Я засмеялась, улыбнулся и он. А как улыбнулся, случилось что-то с его лицом, ну, как будто с веером, когда его развернешь, — все оно по складкам раскрылось и развернулось. Ямы на щеке образовались, брови сошлись, рот расступился, глаза прищурились. Взглянула я… Господи! Острая такая боль, как от нерва в зубу, стрельнула по моему телу, и кровь бросилась в лицо.

— Рапа!

Дитятин вскинул вопросительно голову.

— Извините, Серапион Михайлович, ведь я вас только сию минуту признала. Неужели ж это вы, тот самый Рапа!

— Я думал, вы меня с самого начала признали. Он самый и есть.

Тут разговор у нас как-то осекся. Он, видимо, удивился немного и поостыл, а я была в жестоком смущении и, вынув носовой платок, притворилась, что зуб болит. Доктор Квеллер, выглянув из двери, принял его не в очередь, а выпустил, должно быть, другим ходом. Так мы больше и не встретились.

Иду я домой, держу платок на щеке, а сердце так и бьется. Господи, господи, что ж это я сразу не вспомнила? Ну, так и есть, племянник купца Тарасенкова, Рапа! Репетировал у нас в доме и меня готовил по алгебре! Сколько мы ходили вместе, сколько читали, сколько дум передумали! Потом в соловьиные ночи по весне, — в городском саду, на скамеечках, где потемнее, наши встречи, наша любовь… Стало в памяти светло, как от молнии. Все мелочи зажили, как тридцать лет назад, живой жизнью, — Рапа хотел идти в крестьяне записаться, чтоб жить чистою жизнью, а я мечтала быть сельскою учительницей, на голоде работать, на тифу. Вдруг — новое, яркое озаренье…

Бросилась я по лестнице наверх, схватила библиотечную книгу, повытрусила из нее листы, поглядела.

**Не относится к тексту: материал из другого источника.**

theorem mainTheorem4:
  fixes N :: nat
    and D :: "nat \<Rightarrow> (real \<times> 't) measure"
    and \<Gamma> :: "nat \<Rightarrow> 't set"
    and cF cP \<sigma>F \<sigma>P :: "nat \<Rightarrow> real"
    and \<sigma>Ft :: "nat \<Rightarrow> 't \<Rightarrow> real"
    and \<pi> :: "'t hist \<Rightarrow> action"
  assumes prob: "\<forall>i<N. prob_space (D i)"
    and sets: "\<forall>i<N. sets (D i) = sets (borel \<Otimes>\<^sub>M count_space UNIV)"
    and Gamma_fin: "\<forall>i<N. finite (\<Gamma> i)"
    and Gamma_ae: "\<forall>i<N. AE x in D i. snd x \<in> \<Gamma> i"
    and V_nonneg: "\<forall>i<N. AE x in D i. 0 \<le> fst x"
    and V_int: "\<forall>i<N. integrable (D i) fst"
    and costs: "\<forall>i<N. 0 < cF i \<and> 0 < cP i"
    and sigmaF: "\<forall>i<N. (\<integral>x. max 0 (fst x - \<sigma>F i) \<partial>D i) = cF i"
    and sigmaFt: "\<forall>i<N. \<forall>t\<in>\<Gamma> i. measure (D i) {x. snd x = t} > 0 \<longrightarrow> condE (D i) (\<sigma>Ft i t) t = cF i"
    and sigmaP: "\<forall>i<N. (\<integral>x. max 0 (- cF i + condE (D i) (\<sigma>P i) (snd x)) \<partial>D i) = cP i"
    and meas: "policy_measurable N D \<pi>"
  shows "JK N D \<sigma>F \<sigma>P \<sigma>Ft \<pi> = J N D cF cP \<pi> \<longleftrightarrow>
           cond1 N D \<sigma>F \<pi> \<and> cond2 N D \<sigma>P \<sigma>Ft \<pi> \<and> cond3 N D \<sigma>P \<sigma>Ft \<pi>"
proof -
  have laws: "prize_type_law (D i) (\<Gamma> i)" if "i < N" for i
    using that prob sets Gamma_fin Gamma_ae V_int
    by (simp add: prize_type_law_def prize_type_law_axioms_def)
  interpret pandora_policy N D \<Gamma> cF cP \<sigma>F \<sigma>P \<sigma>Ft \<pi>
    by (rule pandora_policy.intro) (use laws costs sigmaF sigmaFt sigmaP meas in simp_all)
  show ?thesis
    using JK_eq_J_iff_AE_no_loss AE_no_loss_iff_conditions by simp
qed

end
lemma invariant_measure_periodic_orbit:
  assumes "tds X T" "p \<in> X" "(T ^^ k) p = p" "k \<ge> 1"
  shows "invariant_measure X T
    (distr (measure_pmf (pmf_of_set {..<k})) (restrict_space borel X) (\<lambda>i. (T ^^ i) p))"
proof -
  have cT: "continuous_on X T" and TX: "T ` X \<subseteq> X"
    using assms(1) unfolding tds_def by auto
  define q where "q = pmf_of_set {..<k}"
  define g where "g i = (T ^^ i) p" for i
  define \<mu> where "\<mu> = distr (measure_pmf q) (restrict_space borel X) g"
  have g: "g \<in> measurable (measure_pmf q) (restrict_space borel X)"
    using funpow_image_subset[OF TX] assms(2) unfolding g_def by (auto simp: space_restrict_space)
  have T: "T \<in> measurable (restrict_space borel X) (restrict_space borel X)"
    using TX borel_measurable_continuous_on_restrict[OF cT]
    by (intro measurable_restrict_space2) (auto simp: space_restrict_space)
  have shift: "map_pmf (\<lambda>i. Suc i mod k) q = q"
    using bij_betw_Suc_mod[of k] assms(4) unfolding q_def bij_betw_def
    by (subst map_pmf_of_set_inj) (auto simp: lessThan_empty_iff)
  have "emeasure \<mu> (T -` A \<inter> X) = emeasure \<mu> A" if A: "A \<in> sets (restrict_space borel X)" for A
  proof -
    have "T -` A \<inter> X \<in> sets (restrict_space borel X)"
      using measurable_sets[OF T A] by (simp add: space_restrict_space)
    then have "emeasure \<mu> (T -` A \<inter> X) = emeasure q (g -` (T -` A \<inter> X))"
      unfolding \<mu>_def by (simp add: emeasure_distr[OF g])
    also have "g -` (T -` A \<inter> X) = (\<lambda>i. Suc i mod k) -` (g -` A)"
      using funpow_image_subset[OF TX] assms(2) funpow_mod_period[OF assms(3)]
      unfolding g_def by auto
    also have "emeasure q \<dots> = emeasure (map_pmf (\<lambda>i. Suc i mod k) q) (g -` A)"
      by simp
    also have "\<dots> = emeasure \<mu> A"
      unfolding shift \<mu>_def using A by (simp add: emeasure_distr[OF g])
    finally show ?thesis .
  qed
  then have "invariant_measure X T \<mu>"
    unfolding invariant_measure_def \<mu>_def
    using prob_space.prob_space_distr[OF prob_space_measure_pmf g] T
    by (simp add: space_restrict_space)
  then show ?thesis
    unfolding \<mu>_def q_def g_def .
qed

lemma periodic_point_in_supp:
  assumes "tds X T" "p \<in> X" "(T ^^ k) p = p" "k \<ge> 1"
  shows "p \<in> supp X T"
  unfolding supp_def
proof (intro InterI, clarify)
  fix C assume C: "closed C" "C \<subseteq> X" and full: "\<forall>\<mu>. invariant_measure X T \<mu> \<longrightarrow> emeasure \<mu> C = 1"
  define q where "q = pmf_of_set {..<k}"
  define g where "g i = (T ^^ i) p" for i
  have "T ` X \<subseteq> X"
    using assms(1) unfolding tds_def by auto
  then have g: "g \<in> measurable (measure_pmf q) (restrict_space borel X)"
    using funpow_image_subset[OF \<open>T ` X \<subseteq> X\<close>] assms(2) unfolding g_def
    by (auto simp: space_restrict_space)
  have "C \<in> sets (restrict_space borel X)"
    using C by (auto simp: sets_restrict_space intro!: image_eqI[where x = C])
  moreover have "emeasure (distr (measure_pmf q) (restrict_space borel X) g) C = 1"
    using full invariant_measure_periodic_orbit[OF assms] unfolding q_def g_def by blast
  ultimately have "emeasure q (g -` C) = 1"
    by (simp add: emeasure_distr[OF g])
  then have "measure q (g -` C) = 1"
    by (simp add: measure_pmf.emeasure_eq_measure)
  then have "AE i in q. g i \<in> C"
    by (auto dest: measure_pmf.AE_prob_1)
  moreover have "0 \<in> set_pmf q"
    using assms(4) unfolding q_def by (simp add: lessThan_empty_iff)
  ultimately show "p \<in> C"
    unfolding g_def by (metis AE_measure_pmf_iff funpow_0)
qed

lemma supp_eq_Fix_if_transitive_point_banach_proximal:
  assumes "tds X T" "transitive_point X T w" "banach_proximal T w ((T ^^ k) w)" "k \<ge> 1"
  shows "supp X T = Fix X T k"
proof
  have "emeasure \<mu> (Fix X T k) = 1" if "invariant_measure X T \<mu>" for \<mu>
    using that uniform_banach_density_from_transitive_point[OF assms(1-3)]
    by (intro emeasure_Fix_eq_1[OF assms(1)])
  then show "supp X T \<subseteq> Fix X T k"
    unfolding supp_def using closed_Fix[OF assms(1)] by (intro Inter_lower) (auto simp: Fix_def)
  show "Fix X T k \<subseteq> supp X T"
    using periodic_point_in_supp[OF assms(1) _ _ assms(4)] by (auto simp: Fix_def)
qed

lemma transitive_sys_obtain_returning_transitive_point:
  assumes "tds X T" "transitive_sys X T" "openin (top_of_set X) U" "U \<noteq> {}"
  obtains k w where "k \<ge> 1" "transitive_point X T w" "w \<in> U" "(T ^^ k) w \<in> U"
proof -
  have "infinite {n. U \<inter> {y \<in> X. (T ^^ n) y \<in> U} \<noteq> {}}"
    using assms(2-4) unfolding transitive_sys_def by blast
  then obtain k where "k > 0" and k: "U \<inter> {y \<in> X. (T ^^ k) y \<in> U} \<noteq> {}"
    unfolding infinite_nat_iff_unbounded by blast
  have "continuous_on X T" "T ` X \<subseteq> X"
    using assms(1) unfolding tds_def by auto
  then have "continuous_on X (T ^^ k)" "(T ^^ k) ` X \<subseteq> X"
    by (simp_all add: continuous_on_funpow funpow_image_subset)
  then have "openin (top_of_set X) (X \<inter> (T ^^ k) -` U)"
    using assms(3) by (intro continuous_openin_preimage[where T = X]) auto
  then have "openin (top_of_set X) (U \<inter> (X \<inter> (T ^^ k) -` U))"
    using assms(3) by (blast intro: openin_Int)
  moreover have "U \<inter> (X \<inter> (T ^^ k) -` U) \<noteq> {}"
    using k by blast
  ultimately obtain w where "w \<in> U \<inter> (X \<inter> (T ^^ k) -` U)" "transitive_point X T w"
    using transitive_sys_obtain_transitive_point[OF assms(1,2)] by blast
  with \<open>k > 0\<close> show ?thesis
    using that[of k w] by simp
qed

theorem mainTheorem13:
  fixes X :: "'a::metric_space set" and T :: "'a \<Rightarrow> 'a"
  assumes "tds X T"
    and "transitive_sys X T"
    and "\<forall>n::nat. n \<ge> 1 \<longrightarrow> supp X T \<noteq> Fix X T n"
  shows "\<forall>x \<in> X. \<forall>U. openin (top_of_set X) U \<and> U \<subseteq> BP X T x \<longrightarrow> U = {}"
proof (intro ballI allI impI)
  fix x U assume U: "openin (top_of_set X) U \<and> U \<subseteq> BP X T x"
  show "U = {}"
  proof (rule ccontr)
    assume "U \<noteq> {}"
    then obtain k w where "k \<ge> 1" "transitive_point X T w" and w: "w \<in> U" "(T ^^ k) w \<in> U"
      using transitive_sys_obtain_returning_transitive_point[OF assms(1,2)] U by blast
    moreover have "banach_proximal T w ((T ^^ k) w)"
      using w U unfolding BP_def by (blast intro: banach_proximal_euclidean)
    ultimately have "supp X T = Fix X T k"
      using supp_eq_Fix_if_transitive_point_banach_proximal[OF assms(1)] by blast
    with assms(3) \<open>k \<ge> 1\<close> show False
      by blast
  qed
qed

end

Да ведь это я сама же и писала! Я, Сусанна Ивановна, или тогдашняя Сусинька. Мой собственный почерк и есть. Какие высокие мысли-то разводила. А Рапа-то, Рапа — первым богачом стал, спекулянтом стал. Я расхохоталась, подошла к зеркалу, поглядела на припухшее сизое лицо в морщинах и проговорила от души:

— Вот тебе и Сусинька.

Сказала я это безо всякого огорченья. Каждый человек сам себе мил, в каком бы возрасте он ни был. Может, прежняя-то я, молодая, и была чем-то лучше, как заморская красавица лучше дурнушки, да только сам ты себе всегда дороже, чем чужой. И я такую, какая я есть сейчас, больше люблю, чем ту, неведомо куда сгинувшую. Хочу себя напитать, позанять, от заразы уберечь, от хлопот и беспокойства избавить, хочу себе холи, всякого добра и благополучия, хочу, конечно, и доброй славы у людей. Кто меня ненавидит, тот и мне ненавистен. Однако же зря никому зла не желаю. Раздумавшись, чуть не упустила я обед. Фроська рыбу высушила, котлеты пережарила. Я ее, изругавши, выгнала из кухни и занялась стряпней.

Только после обеда опять вернулись ко мне мысли. Взяла я и перечла это дурацкое письмо сызнова. Зависть меня взяла, — какая я в ту пору литературная была и прекрасно писала. Любе и теперь двух строк так не написать. Взглянула опять на фотографию, глядит оттуда лицо такое строгое, чистое и красивое. Села я перед зеркалом, сложила руки, и вдруг ни с того ни с сего стало мне страшно. Дурным таким нутряным страхом, словно внутренности вывернули.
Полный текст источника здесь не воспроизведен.